A Alquimia Laboratorial (ou Operativa) consiste no trabalho com a natureza, através da manipulação direta da matéria. O alquimista busca aperfeiçoar os processos realizados pela natureza, produzindo tinturas, elixires e medicamentos capazes de manter a essência da matéria trabalhada e curar o ser humano.

Já a Teurgia é o trabalho de evolução espiritual através do contato direto com o Todo-Poderoso, por meio das entidades que compõem as diversas hierarquias espirituais presentes na criação. Também conhecida no Ocidente (nem sempre de maneira correta) como Magia Cerimonial, a prática de Teurgia consiste essencialmente no trabalho de Invocação e Evocação de anjos, arcanjos, demônios, elementais, desencarnados ou mesmo dos nomes divinos de Deus, como forma de se obter conhecimento direto das entidades que compõem a criação.

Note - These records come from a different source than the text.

lemma card_gap_chains_step:
  assumes "u < v"
  shows "card (gap_chains u v) = card (gap_chains u (v - 2)) + card (gap_chains u (v - 3))"
proof -
  have inj: "inj_on (insert v) (gap_chains u w)" if "w < v" for w
  proof (rule inj_onI)
    fix B C
    assume B: "B \<in> gap_chains u w" and C: "C \<in> gap_chains u w" and eq: "insert v B = insert v C"
    have "v \<notin> B" "v \<notin> C"
      using gap_chains_subset[OF B] gap_chains_subset[OF C] that by auto
    then show "B = C"
      using eq insert_ident by metis
  qed
  have "v - 2 \<in> insert v B" if "B \<in> gap_chains u (v - 2)" for B
    using gap_chains_last[OF that] by simp
  moreover have "v - 2 \<notin> insert v B" if "B \<in> gap_chains u (v - 3)" for B
    using gap_chains_subset[OF that] by auto
  ultimately have disjoint: "insert v ` gap_chains u (v - 2) \<inter> insert v ` gap_chains u (v - 3) = {}"
    by blast
  show ?thesis
    unfolding gap_chains_step[OF assms]
    by (simp add: card_Un_disjoint[OF _ _ disjoint] finite_gap_chains card_image inj)
qed

text \<open>The formula also covers v < u, where nat (v - u) = 0 and padovan 0 = 0.\<close>

lemma card_gap_chains: "card (gap_chains u v) = (if u = v then 1 else padovan (nat (v - u)))"
proof (induction "nat (v - u)" arbitrary: v rule: less_induct)
  case less
  consider "v < u" | "v = u" | "v = u + 1" | "v = u + 2" | "v = u + 3" | "u + 4 \<le> v"
    by linarith
  then show ?case
  proof cases
    case 1
    then show ?thesis
      by (simp add: gap_chains_empty)
  next
    case 2
    then show ?thesis
      by (simp add: gap_chains_singleton)
  next
    case 3
    then show ?thesis
      by (simp add: card_gap_chains_step gap_chains_empty)
  next
    case 4
    then show ?thesis
      by (simp add: card_gap_chains_step gap_chains_empty gap_chains_singleton numeral_eq_Suc)
  next
    case 5
    then show ?thesis
      using less[of "v - 2"] by (simp add: card_gap_chains_step gap_chains_singleton numeral_eq_Suc)
  next
    case 6
    define m where "m = nat (v - u) - 4"
    have m: "nat (v - u) = Suc (Suc (Suc (Suc m)))"
      using 6 unfolding m_def by arith
    have "nat (v - 2 - u) = Suc (Suc m)" "nat (v - 3 - u) = Suc m"
      using m by auto
    then show ?thesis
      using less[of "v - 2"] less[of "v - 3"] 6 m by (simp add: card_gap_chains_step)
  qed
qed

lemma card_gap_chains_translate: "card (gap_chains u v) = card (gap_chains 0 (v - u))"
  by (simp add: card_gap_chains)

section \<open>Sets with a reflection symmetry\<close>

lemma int_mult_cases:
  fixes m N :: int
  assumes "0 < N"
  obtains "m * N \<le> - N" | "m = 0" | "m = 1" | "2 * N \<le> m * N"
proof -
  consider "m \<le> -1" | "m = 0" | "m = 1" | "m \<ge> 2"
    by linarith
  then show ?thesis
    using assms that mult_right_mono[of m "-1" N] mult_right_mono[of 2 m N] by cases auto
qed

definition dihedral_closure :: "int \<Rightarrow> int \<Rightarrow> int set \<Rightarrow> int set" where
  "dihedral_closure N k B = {z. \<exists>b\<in>B. \<exists>m. z = b + m * N \<or> z = k - b + m * N}"

lemma dihedral_closure_add_mult: "z + m * N \<in> dihedral_closure N k B \<longleftrightarrow> z \<in> dihedral_closure N k B"
proof
  assume "z + m * N \<in> dihedral_closure N k B"
  then obtain b m' where "b \<in> B" "z + m * N = b + m' * N \<or> z + m * N = k - b + m' * N"
    unfolding dihedral_closure_def by blast
  then have "b \<in> B" "z = b + (m' - m) * N \<or> z = k - b + (m' - m) * N"
    by (auto simp: algebra_simps)
  then show "z \<in> dihedral_closure N k B"
    unfolding dihedral_closure_def by blast
next
  assume "z \<in> dihedral_closure N k B"
  then obtain b m' where "b \<in> B" "z = b + m' * N \<or> z = k - b + m' * N"
    unfolding dihedral_closure_def by blast
  then have "b \<in> B" "z + m * N = b + (m' + m) * N \<or> z + m * N = k - b + (m' + m) * N"
    by (auto simp: algebra_simps)
  then show "z + m * N \<in> dihedral_closure N k B"
    unfolding dihedral_closure_def by blast
qed

lemma periodic_dihedral_closure: "periodic N (dihedral_closure N k B)"
  unfolding periodic_def using dihedral_closure_add_mult[of _ 1] by simp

        Constantemente pautada na prática de orações, a Teurgia tornou-se também popular no Esoterismo Moderno, através da popularização simplificada (e estereotipada) da Goetia (sistema mágico cerimonial pertencente à Tradição teúrgica Salomônica). É necessário também dizer que a Teurgia não faz levantamentos morais em torno de seu trabalho, e por mais clichê que possa parecer, é necessário ressaltar que a divisão entre “magia branca” e “magia negra” (muito difundida no Esoterismo Moderno) diz mais respeito às intenções do operador que à prática de Teurgia em si.

          Para Jean Dubuis, o trivium hermético é um estudo que vai “além da vida”: assim,

As a summary, Alchemy would be the study of chemistry plus Life; Magic the study of physics plus Life; and Astrology the study of Astronomy plus Life. (DUBUIS, 2000, p. 121).[1]


          Conforme o leitor deve ter percebido, a Cabala não está inclusa como uma das três artes herméticas. Por isso, é preciso deixar claro qual a posição da Cabala na Tradição Esotérica Ocidental (uma vez que ela guarda muita popularidade entre os sistemas filosóficos e espirituais da modernidade).

         A Cabala não foi citada no trivium hermético por uma razão muito simples: uma parte dela já está contida na Teurgia, como parte integrante desta última (no que muitos autores medievais denominavam de “Cabala Prática”, ou simplesmente “Cabala Cristã”).

         A Cabala é parte essencial do misticismo judaico, e por isso mesmo, fator primordial na formação da identidade da Tradição Esotérica Ocidental (como parte da cultura judaico-cristã). Sua atuação na espiritualidade do Ocidente ganhou grande destaque a partir do século 13, por meio da divulgação feita por Moisés de Leon. A partir daí, a Cabala foi fortemente utilizada na prática de magia cerimonial tradicional nos séculos que seguiram, fosse através do uso do alfabeto hebraico, fosse através da utilização de chaves de invocação de anjos, arcanjos ou dos nomes divinos do criador. Toda essa utilização ficou popularmente conhecida entre os autores ocidentais como “Cabala Prática”, ou mais precisamente “Cabala Cristã”, parte integral da Teurgia.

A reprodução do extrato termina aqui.